| DESCRIPTION OF THE TASK |
Reproduce the listing verbatim through the line with "b) \<le> ennreal".

| DATA SECTION |

lemma nn_integral_Lap_shift_le:
  assumes b: "b > 0" and [measurable]: "h \<in> borel_measurable borel"
  shows "(\<integral>\<^sup>+y. h (E + y) \<partial>Lap b) \<le> ennreal (exp (\<bar>E - E'\<bar> / b)) * (\<integral>\<^sup>+y. h (E' + y) \<partial>Lap b)"
proof -
  have "(\<integral>\<^sup>+v. ennreal (laplace_density b (v - E)) * h v \<partial>lborel)
      \<le> (\<integral>\<^sup>+v. ennreal (exp (\<bar>E - E'\<bar> / b)) * (ennreal (laplace_density b (v - E')) * h v) \<partial>lborel)"
  proof (rule nn_integral_mono)
    fix v
    have "ennreal (laplace_density b (v - E))
        \<le> ennreal (exp (\<bar>E - E'\<bar> / b)) * ennreal (laplace_density b (v - E'))"
      using laplace_density_shift_le[OF b, of v E E'] b
      by (simp add: ennreal_mult[symmetric] laplace_density_def)
    then show "ennreal (laplace_density b (v - E)) * h v
        \<le> ennreal (exp (\<bar>E - E'\<bar> / b)) * (ennreal (laplace_density b (v - E')) * h v)"
      by (metis mult.assoc mult_right_mono zero_le)
  qed
  also have "\<dots> = ennreal (exp (\<bar>E - E'\<bar> / b)) * (\<integral>\<^sup>+v. ennreal (laplace_density b (v - E')) * h v \<partial>lborel)"
    by (rule nn_integral_cmult) (auto simp: laplace_density_def)
  finally show ?thesis
    by (simp add: nn_integral_Lap_shift[OF assms])
qed

lemma emeasure_distr_Lap_pair_shift_le:
  assumes b1: "b1 > 0" and b2: "b2 > 0"
    and [measurable]: "g \<in> (borel \<Otimes>\<^sub>M borel) \<rightarrow>\<^sub>M R" "S \<in> sets R"
  shows "emeasure (distr (Lap b1 \<Otimes>\<^sub>M Lap b2) R (\<lambda>z. g (A + fst z, E + snd z))) S
     \<le> ennreal (exp (\<bar>A - A'\<bar> / b1 + \<bar>E - E'\<bar> / b2)) *
        emeasure (distr (Lap b1 \<Otimes>\<^sub>M Lap b2) R (\<lambda>z. g (A' + fst z, E' + snd z))) S"
proof -
  interpret L2: finite_measure "Lap b2" by (rule finite_measure_Lap[OF b2])
  define H where "H u v = (indicator S (g (u, v)) :: ennreal)" for u v
  have [measurable]: "(\<lambda>(u,v). H u v) \<in> borel_measurable (borel \<Otimes>\<^sub>M borel)"
    "H u \<in> borel_measurable borel" for u
    unfolding H_def by measurable
  have iterated: "emeasure (distr (Lap b1 \<Otimes>\<^sub>M Lap b2) R (\<lambda>z. g (A0 + fst z, E0 + snd z))) S
     = (\<integral>\<^sup>+x. \<integral>\<^sup>+y. H (A0 + x) (E0 + y) \<partial>Lap b2 \<partial>Lap b1)" for A0 E0
  proof -
    have "emeasure (distr (Lap b1 \<Otimes>\<^sub>M Lap b2) R (\<lambda>z. g (A0 + fst z, E0 + snd z))) S
       = (\<integral>\<^sup>+z. H (A0 + fst z) (E0 + snd z) \<partial>(Lap b1 \<Otimes>\<^sub>M Lap b2))"
      by (subst nn_integral_indicator[symmetric], measurable)
         (subst nn_integral_distr, auto simp: H_def)
    also have "\<dots> = (\<integral>\<^sup>+x. \<integral>\<^sup>+y. H (A0 + x) (E0 + y) \<partial>Lap b2 \<partial>Lap b1)"
      by (subst L2.nn_integral_fst[symmetric]) (auto simp: split_beta')
    finally show ?thesis .
  qed
  define K where "K u = (\<integral>\<^sup>+y. H u (E' + y) \<partial>Lap b2)" for u
  have [measurable]: "K \<in> borel_measurable borel"
    unfolding K_def by measurable
  have "(\<integral>\<^sup>+x. \<integral>\<^sup>+y. H (A + x) (E + y) \<partial>Lap b2 \<partial>Lap b1)
      \<le> (\<integral>\<^sup>+x. ennreal (exp (\<bar>E - E'\<bar> / b2)) * K (A + x) \<partial>Lap b1)"
    unfolding K_def by (rule nn_integral_mono) (rule nn_integral_Lap_shift_le[OF b2], measurable)
  also have "\<dots> = ennreal (exp (\<bar>E - E'\<bar> / b2)) * (\<integral>\<^sup>+x. K (A + x) \<partial>Lap b1)"
    by (rule nn_integral_cmult) measurable
  also have "\<dots> \<le> ennreal (exp (\<bar>E - E'\<bar> / b2)) * (ennreal (exp (\<bar>A - A'\<bar> / b1)) * (\<integral>\<^sup>+x. K (A' + x) \<partial>Lap b1))"
    by (rule mult_left_mono) (auto intro: nn_integral_Lap_shift_le[OF b1])
  also have "\<dots> = ennreal (exp (\<bar>A - A'\<bar> / b1 + \<bar>E - E'\<bar> / b2)) * (\<integral>\<^sup>+x. K (A' + x) \<partial>Lap b1)"
    by (simp add: exp_add ennreal_mult mult_ac)
  finally show ?thesis unfolding iterated K_def .
qed

lemma measure_distr_Lap_pair_shift_le:
  assumes b1: "b1 > 0" and b2: "b2 > 0"
    and g[measurable]: "g \<in> (borel \<Otimes>\<^sub>M borel) \<rightarrow>\<^sub>M R" and S[measurable]: "S \<in> sets R"
    and shift: "\<bar>A - A'\<bar> / b1 + \<bar>E - E'\<bar> / b2 \<le> \<epsilon>"
  shows "measure (distr (Lap b1 \<Otimes>\<^sub>M Lap b2) R (\<lambda>z. g (A + fst z, E + snd z))) S
     \<le> exp \<epsilon> * measure (distr (Lap b1 \<Otimes>\<^sub>M Lap b2) R (\<lambda>z. g (A' + fst z, E' + snd z))) S"
proof -
  interpret P: finite_measure "Lap b1 \<Otimes>\<^sub>M Lap b2"
    by (rule finite_measure_pair_measure[OF finite_measure_Lap[OF b2] finite_measure_Lap[OF b1]])
  have fin: "finite_measure (distr (Lap b1 \<Otimes>\<^sub>M Lap b2) R (\<lambda>z. g (A0 + fst z, E0 + snd z)))" for A0 E0
    by (rule P.finite_measure_distr) measurable
  let ?c = "exp (\<bar>A - A'\<bar> / b1 + \<bar>E - E'\<bar> / b2)"
  have "measure (distr (Lap b1 \<Otimes>\<^sub>M Lap b2) R (\<lambda>z. g (A + fst z, E + snd z))) S
     \<le> ?c * measure (distr (Lap b1 \<Otimes>\<^sub>M Lap b2) R (\<lambda>z. g (A' + fst z, E' + snd z))) S"
    using emeasure_distr_Lap_pair_shift_le[OF b1 b2 g S, of A E A' E']
    by (simp add: finite_measure.emeasure_eq_measure[OF fin] ennreal_mult[symmetric])
  also have "\<dots> \<le> exp \<epsilon> * measure (distr (Lap b1 \<Otimes>\<^sub>M Lap b2) R (\<lambda>z. g (A' + fst z, E' + snd z))) S"
    using shift by (intro mult_right_mono) auto
  finally show ?thesis .
qed

definition resp_moment :: "nat set \<Rightarrow> (nat \<times> real \<Rightarrow> bool) \<Rightarrow> database \<Rightarrow> nat \<Rightarrow> real" where
  "resp_moment I P D m = (\<Sum>t\<in>I. if P (D!t) then snd (D!t) ^ m else 0)"

definition sum_sq_dev :: "nat set \<Rightarrow> (nat \<times> real \<Rightarrow> bool) \<Rightarrow> database \<Rightarrow> real" where
  "sum_sq_dev I P D = resp_moment I P D 2 - (resp_moment I P D 1)\<^sup>2 / resp_moment I P D 0"

lemma resp_moment_0: "resp_moment I P D 0 = (\<Sum>t\<in>I. if P (D!t) then 1 else 0)"
  and resp_moment_1: "resp_moment I P D 1 = (\<Sum>t\<in>I. if P (D!t) then snd (D!t) else 0)"
  unfolding resp_moment_def by (auto intro: sum.cong)

lemma resp_moment_insert:
  "finite I \<Longrightarrow> j \<notin> I \<Longrightarrow>
    resp_moment (insert j I) P D m = resp_moment I P D m + (if P (D!j) then snd (D!j) ^ m else 0)"
  by (simp add: resp_moment_def)

lemma resp_moment_cong:
  "(\<And>t. t \<in> I \<Longrightarrow> D!t = D'!t) \<Longrightarrow> resp_moment I P D m = resp_moment I P D' m"
  unfolding resp_moment_def by (rule sum.cong) auto

lemma sum_sq_dev_cong:
  "(\<And>t. t \<in> I \<Longrightarrow> D!t = D'!t) \<Longrightarrow> sum_sq_dev I P D = sum_sq_dev I P D'"
  unfolding sum_sq_dev_def using resp_moment_cong by metis

lemma resp_moment_eq_0:
  assumes "finite I" and "resp_moment I P D 0 = 0"
  shows "resp_moment I P D m = 0"
proof -
  have "\<forall>t\<in>I. (if P (D!t) then 1 else 0 :: real) = 0"
  proof (subst sum_nonneg_eq_0_iff[symmetric])
    show "(\<Sum>t\<in>I. if P (D!t) then 1 else 0 :: real) = 0" using assms(2) by (simp add: resp_moment_0)
  qed (use assms(1) in auto)
  then have "\<forall>t\<in>I. \<not> P (D!t)"
    by (metis one_neq_zero)
  then show ?thesis by (simp add: resp_moment_def)
qed

lemma resp_moment_1_bounds:
  assumes "\<forall>t\<in>I. snd (D!t) \<in> {0..1}"
  shows "0 \<le> resp_moment I P D 1" and "resp_moment I P D 1 \<le> resp_moment I P D 0"
  using assms unfolding resp_moment_def by (auto intro!: sum_nonneg sum_mono)

lemma sum_sq_about_eq_moments:
  "(\<Sum>t\<in>I. if P (D!t) then (snd (D!t) - c)\<^sup>2 else 0)
     = resp_moment I P D 2 - 2 * c * resp_moment I P D 1 + c\<^sup>2 * resp_moment I P D 0"
  unfolding resp_moment_def sum_distrib_left sum_subtractf[symmetric] sum.distrib[symmetric]
  by (rule sum.cong) (auto simp: power2_eq_square algebra_simps)

lemma sum_sq_dev_eq_sum_sq_about_mean:
  assumes "finite I"
  shows "sum_sq_dev I P D
    = (\<Sum>t\<in>I. if P (D!t) then (snd (D!t) - resp_moment I P D 1 / resp_moment I P D 0)\<^sup>2 else 0)"
  using resp_moment_eq_0[OF assms, of P D]
  by (cases "resp_moment I P D 0 = 0")
     (simp_all add: sum_sq_about_eq_moments sum_sq_dev_def power2_eq_square field_simps)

| SOLVED EXERCISE |
lemma nn_integral_Lap_shift_le:
  assumes b: "b > 0" and [measurable]: "h \<in> borel_measurable borel"
  shows "(\<integral>\<^sup>+y. h (E + y) \<partial>Lap b) \<le> ennreal (exp (\<bar>E - E'\<bar> / b)) * (\<integral>\<^sup>+y. h (E' + y) \<partial>Lap b)"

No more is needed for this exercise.